I am self studying apostol Modular functions and Dirichlet series in Number Theory and I have a doubt in an argument of theorem 4.11 .
I have posted two images and I hope both of them are clear. I posted them because it is very time consuming to write all details involving proof and also due to the fact that I have doubt only in last part of proof .
Doubt is - Function f is proved to be analytic at vertex $\tau $ =0 and each point $\tau $ =0 in H. ( I clearly understood it) .
But now I don't know how to deduce next line which is
Therefore f is bounded in H so f is constant.
How does f becomes bounded in H?
Edit1 ->
I am looking for an answer that doesn't involves Riemann surfaces.
Can someone please give some hint of this
You have to look at the fundamental region of $\Gamma_0(p)$, it is the union of $ST^j(R)$ for $0\le j <p$, where $R$ is the fundamental region of $\Gamma$ and $S$ and $T$ are the usual $S\tau=-1/\tau$ and $\tau = \tau+1$. The only points of concern (outside $\mathbb H$) are easily seen to be $0$ and $\infty$.
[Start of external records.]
lemma kernel_rel_decomp_subset: "kernel_rel A decomp \<subseteq> R"
proof
  fix z assume "z \<in> kernel_rel A decomp"
  then obtain x1 y1 x2 y2 where z: "z = ((x1, y1), (x2, y2))"
    and p1: "x1 \<in> carrier G" "y1 \<in> carrier G" "x1 \<otimes> inv y1 \<in> K"
    and p2: "x2 \<in> carrier G" "y2 \<in> carrier G" "x2 \<otimes> inv y2 \<in> K"
    and e: "C #> (x1 \<otimes> inv y1) = C #> (x2 \<otimes> inv y2)" "H #> y1 = H #> y2"
    by (auto simp: kernel_rel_def alpha_N_def decomp_def)
  \<comment> \<open>\<open>(x1, y1) = (c, 1)(x2, y2)(u, u)\<close> with \<open>c \<in> [K,H]\<close> and \<open>u \<in> H\<close>\<close>
  define c where "c = (x1 \<otimes> inv y1) \<otimes> inv (x2 \<otimes> inv y2)"
  define u where "u = inv y2 \<otimes> y1"
  have c_C: "c \<in> C"
    using e p1 p2 C_rcos_eq_iff c_def by simp
  have "inv y2 \<otimes> (y1 \<otimes> inv y2) \<otimes> inv (inv y2) \<in> H"
    using e p1 p2 H_rcos_eq_iff H.inv_op_closed2[of "inv y2"] by simp
  then have u_H: "u \<in> H"
    using p1 p2 by (simp add: u_def m_assoc)
  have rel: "(((c, \<one>) \<otimes>\<^bsub>A\<^esub> (x2, y2)) \<otimes>\<^bsub>A\<^esub> (u, u), ((\<one>, \<one>) \<otimes>\<^bsub>A\<^esub> (x2, y2)) \<otimes>\<^bsub>A\<^esub> (\<one>, \<one>)) \<in> R"
    using p2 by (intro R_mult[OF R_mult[OF commutator_pairs_in_R[OF c_C] R_refl] diagonal_R_one[OF u_H]])
      (simp add: mem_alpha_N_iff)
  have "((c, \<one>) \<otimes>\<^bsub>A\<^esub> (x2, y2)) \<otimes>\<^bsub>A\<^esub> (u, u) = (x1, y1)"
    using p1 p2 by (simp add: c_def u_def m_assoc inv_mult_group)
  moreover have "((\<one>, \<one>) \<otimes>\<^bsub>A\<^esub> (x2, y2)) \<otimes>\<^bsub>A\<^esub> (\<one>, \<one>) = (x2, y2)"
    using p2 by simp
  ultimately show "z \<in> R"
    using rel unfolding z by (simp only:)
qed

end

lemma Delta_eq_kernel_rel: "Delta G (alpha_N G K) (alpha_N G H) = kernel_rel A decomp"
  unfolding Delta_def
  using grp_cong_kernel_rel[OF group_cong_alg_alpha_N[OF normal_K] decomp_hom]
    diagonal_pairs_subset_kernel_rel kernel_rel_decomp_subset
  by (intro cong_gen_eqI)

lemma quot_Delta_iso_semidirect: "quot_alg A (Delta G (alpha_N G K) (alpha_N G H)) \<cong> T"
  unfolding Delta_eq_kernel_rel
  using quot_alg_kernel_rel_iso[OF group_cong_alg_alpha_N[OF normal_K] decomp_hom decomp_surj] .

end

lemma (in group) carrier_FactGroup_self: "carrier (G Mod carrier G) = {\<one>\<^bsub>G Mod carrier G\<^esub>}"
  by (auto simp: carrier_FactGroup subgroup.rcos_const[OF subgroup_self is_group])

lemma iso_semidirect_trivial:
  assumes P: "carrier P = {\<one>\<^bsub>P\<^esub>}" and \<phi>: "\<And>b. b \<in> carrier N \<Longrightarrow> \<phi> \<one>\<^bsub>P\<^esub> b = b"
  shows "semidirect N P \<phi> \<cong> N"
proof -
  have "fst \<in> hom (semidirect N P \<phi>) N"
    by (rule homI) (auto simp: semidirect_def P \<phi>)
  moreover have "bij_betw fst (carrier (semidirect N P \<phi>)) (carrier N)"
    by (auto simp: semidirect_def P bij_betw_def inj_on_def)
  ultimately show ?thesis
    unfolding is_iso_def iso_def by blast
qed

theorem lemma2p9:
  fixes G :: "('a, 'b) monoid_scheme" and K H :: "'a set"
  assumes "group G" and "K \<lhd> G" and "H \<lhd> G" and "K \<subseteq> H"
  shows "(\<exists>\<phi>. \<phi> \<in> hom (G Mod H) (AutoGroup ((G\<lparr>carrier := K\<rparr>) Mod commutator G K H))
              \<and> quot_alg (cong_alg G (alpha_N G K)) (Delta G (alpha_N G K) (alpha_N G H))
                  \<cong> semidirect ((G\<lparr>carrier := K\<rparr>) Mod commutator G K H) (G Mod H) \<phi>)
       \<and> quot_alg (cong_alg G (alpha_N G K)) (Delta G (alpha_N G K) (total_cong G))
           \<cong> (G\<lparr>carrier := K\<rparr>) Mod commutator G K (carrier G)"
proof
  interpret KH: normal_subgroup_pair G K H
    using assms by (simp add: normal_subgroup_pair_def normal_subgroup_pair_axioms_def)
  show "\<exists>\<phi>. \<phi> \<in> hom (G Mod H) (AutoGroup KH.Q)
      \<and> quot_alg KH.A (Delta G (alpha_N G K) (alpha_N G H)) \<cong> semidirect KH.Q (G Mod H) \<phi>"
    using KH.conj_action_hom KH.quot_Delta_iso_semidirect by blast
next
  interpret G: group G by fact
  interpret KG: normal_subgroup_pair G K "carrier G"
    using assms G.normal_self by (simp add: normal_subgroup_pair_def normal_subgroup_pair_axioms_def)
  have "KG.T \<cong> KG.Q"
  proof (rule iso_semidirect_trivial)
    show "carrier (G Mod carrier G) = {\<one>\<^bsub>G Mod carrier G\<^esub>}"
      by (rule G.carrier_FactGroup_self)
    show "KG.conj_action \<one>\<^bsub>G Mod carrier G\<^esub> U = U" if "U \<in> carrier KG.Q" for U
      using KG.conj_action_one[OF that] by simp
  qed
  moreover have "total_cong G = alpha_N G (carrier G)"
    by (auto simp: total_cong_def alpha_N_def)
  ultimately show "quot_alg KG.A (Delta G (alpha_N G K) (total_cong G)) \<cong> KG.Q"
    using iso_trans[OF KG.quot_Delta_iso_semidirect] by simp
qed

end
As $f$ is automorphic for $\Gamma_0(p)$ and analytic in all $\mathbb H$ and in $\tau = 0$ it is enough to look at $\tau \to \infty$. But $\Phi(\tau)$ has a zero in $\tau=\infty$ looking the expression for $f$ if it is enough to check that $j_p(\tau)$ is bounded as $\tau \to \infty$ but then you can use the relation for $j_p(-1/\tau)$ on top of the first page you have quoted to see that it is also bounded as $\tau \to \infty$.